うお座
視界の端で何かが動く
イメージの飛び出し
今週のうお座は、『原子炉に水打つ女が夢に立つ』(渡辺誠一郎)という句のごとし。あるいは、不意に遠心力が加わってグワーンと振り回されていくような星回り。
原子炉は確かにその内部を冷却水で冷やすなどして核分裂の反応スピードを調節していますが、とはいえ、その水温は約280℃ほどもあり、高温高圧の水蒸気なのだとか。つまり、掲句の描写は事実からだいぶかけ離れたものであり、あくまで幻想や夢として描かれているということ。
中七の「水打つ女が」が字余りとなっていて、どこか持てあましている感じがあるのも、現実ではありえないと自分でも分かっているはずの「原子炉に水打つ女」というイメージが、そうであるにも関わらず無視できず、かといって現実世界との結びつきを見出すことも不可能なために、作者の内部に絶妙な“引っかかり”を生み出していることと表裏の関係にあるのでしょう。
その意味で、いい歳をした男が何の脈絡も、必然性もなく、ある日突然出現してきたイメージや、それをきかっけに湧いてきた感情に振り回されている図を、あえて公開してみせた句なのだとも言える訳です。そして、こうした出来事の度合いというのは、自分のことを賢いと思っている知識人や、お偉いさんであるほど、より強烈になっていくように思います。
同様に、8月12日にうお座から数えて「潜在的なもの」を意味する12番目のみずがめ座で満月を迎えていく今週のあなたもまた、概念的で体系的な把握の外へと放り出されていくようなことが起きていきやすいでしょう。
閾値を超えやすいとき
人ひとりが歩くのに最低限必要な道幅だけを確保して、その両側をとりさり、切り立った深い崖や谷をつくったらどうなるか。そういう道を「さあ行け」と言われても、ほとんどの人は足がすくんで動けなくなってしまうはず。これは一体なぜなのでしょうか。

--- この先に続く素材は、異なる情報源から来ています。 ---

(* Let $\tilde K=\sum_{i=1}^\infty a_iK_i$ where each $K_i$ is a Markov kernel reversible with respect to a probability distribution $\pi$, $a_i\ge0$, $\sum_i a_i=1$. Suppose $a_1>0$ and $K_1$ has $\pi$ as its unique invariant distribution. Then if $K_1$ is variance bounding, so is $\tilde K$; and if $K_1$ is geometrically ergodic, so is $\tilde K$.
   Context: For a kernel $P$ reversible w.r.t. $\pi$, $\sigma_0(P)$ denotes its spectrum as a self-adjoint operator on $L^2_0(\pi)$ (mean-zero square-integrable functions). $P$ is variance bounding if $\sup\sigma_0(P)<1$ and geometrically ergodic if $\sup|\sigma_0(P)|<1$. *)

theory Defs
  imports "HOL-Probability.Probability"
begin

definition markov_kernel :: "'a measure \<Rightarrow> ('a \<Rightarrow> 'a measure) \<Rightarrow> bool" where
  "markov_kernel \<pi> K \<longleftrightarrow> K \<in> \<pi> \<rightarrow>\<^sub>M prob_algebra \<pi>"

definition reversible :: "'a measure \<Rightarrow> ('a \<Rightarrow> 'a measure) \<Rightarrow> bool" where
  "reversible \<pi> K \<longleftrightarrow> (\<forall>A\<in>sets \<pi>. \<forall>B\<in>sets \<pi>.
     (\<integral>\<^sup>+ x. indicator A x * emeasure (K x) B \<partial>\<pi>) =
     (\<integral>\<^sup>+ x. indicator B x * emeasure (K x) A \<partial>\<pi>))"

definition invariant_dist :: "'a measure \<Rightarrow> ('a \<Rightarrow> 'a measure) \<Rightarrow> 'a measure \<Rightarrow> bool" where
  "invariant_dist \<pi> K mu \<longleftrightarrow> prob_space mu \<and> sets mu = sets \<pi> \<and>
     (\<forall>B\<in>sets \<pi>. (\<integral>\<^sup>+ x. emeasure (K x) B \<partial>mu) = emeasure mu B)"

definition unique_invariant :: "'a measure \<Rightarrow> ('a \<Rightarrow> 'a measure) \<Rightarrow> bool" where
  "unique_invariant \<pi> K \<longleftrightarrow> invariant_dist \<pi> K \<pi> \<and>
     (\<forall>mu. invariant_dist \<pi> K mu \<longrightarrow> mu = \<pi>)"

text \<open>The countable mixture sum_i a_i K_i (index 0 plays the role of K_1).\<close>
definition mixture :: "'a measure \<Rightarrow> (nat \<Rightarrow> real) \<Rightarrow> (nat \<Rightarrow> 'a \<Rightarrow> 'a measure) \<Rightarrow> 'a \<Rightarrow> 'a measure" where
  "mixture \<pi> a K x = measure_of (space \<pi>) (sets \<pi>)
      (\<lambda>B. \<Sum>i. ennreal (a i) * emeasure (K i x) B)"

text \<open>L^2_0(\<pi>): square-integrable, mean-zero real functions (elements of L^2 are
  represented by functions; equality in L^2 is equality \<pi>-almost everywhere).\<close>
definition L2_0 :: "'a measure \<Rightarrow> ('a \<Rightarrow> real) set" where
  "L2_0 \<pi> = {f \<in> borel_measurable \<pi>. integrable \<pi> (\<lambda>x. (f x)\<^sup>2) \<and> (\<integral>x. f x \<partial>\<pi>) = 0}"

definition kop :: "('a \<Rightarrow> 'a measure) \<Rightarrow> ('a \<Rightarrow> real) \<Rightarrow> 'a \<Rightarrow> real" where
  "kop K f x = (\<integral>y. f y \<partial>(K x))"

text \<open>Spectrum of P on L^2_0(\<pi>): the (real, since P is self-adjoint) numbers lambda for
  which P - lambda I is not a bijection of L^2_0(\<pi>) (bounded inverse is then automatic
  by the open mapping theorem).\<close>
definition spectrum0 :: "'a measure \<Rightarrow> ('a \<Rightarrow> 'a measure) \<Rightarrow> real set" where
  "spectrum0 \<pi> K = {l. \<not> (
     (\<forall>f\<in>L2_0 \<pi>. (AE x in \<pi>. kop K f x - l * f x = 0) \<longrightarrow> (AE x in \<pi>. f x = 0)) \<and>
     (\<forall>g\<in>L2_0 \<pi>. \<exists>f\<in>L2_0 \<pi>. AE x in \<pi>. kop K f x - l * f x = g x))}"

text \<open>sup sigma_0(P) < 1 (with sup of the empty set read as -infinity).\<close>
definition variance_bounding :: "'a measure \<Rightarrow> ('a \<Rightarrow> 'a measure) \<Rightarrow> bool" where
  "variance_bounding \<pi> K \<longleftrightarrow> (\<exists>r<1. \<forall>l\<in>spectrum0 \<pi> K. l \<le> r)"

このような“谷”を機械工学では「不気味の谷」と呼びますが、最近は人型ロボットの様態があまりにも人間に近いときに違和感や嫌悪感を抱いてしまう現象として、より一般的に知られるようになってきました。
人間の知覚の中にはこうした「不気味の谷」がさまざまなかたちで潜んでいて、それは私たちの意識や考え方、行動を通じて、なぜか抱えてしまっている不要の領域であり、その存在理由を合理的に説明のつかない「しっぽ」のようなものなのだとも言えます。
そして、こうした不気味の谷の問題は、例えばぎりぎりまでお酒を吞んでみたいとか、とことんハメを外してみたいとか、冒険や探検などで極限状態に身を置いてみたいとか、そういう自分の臨界値を越えた隠れた次元を覗いてみたいという衝動へと私たちを時おり駆り立てるのです。
今週のうお座もまた、これまで低く見積もっていた閾値を上回っていくような体験を自然と求めていくことになるかも知れません。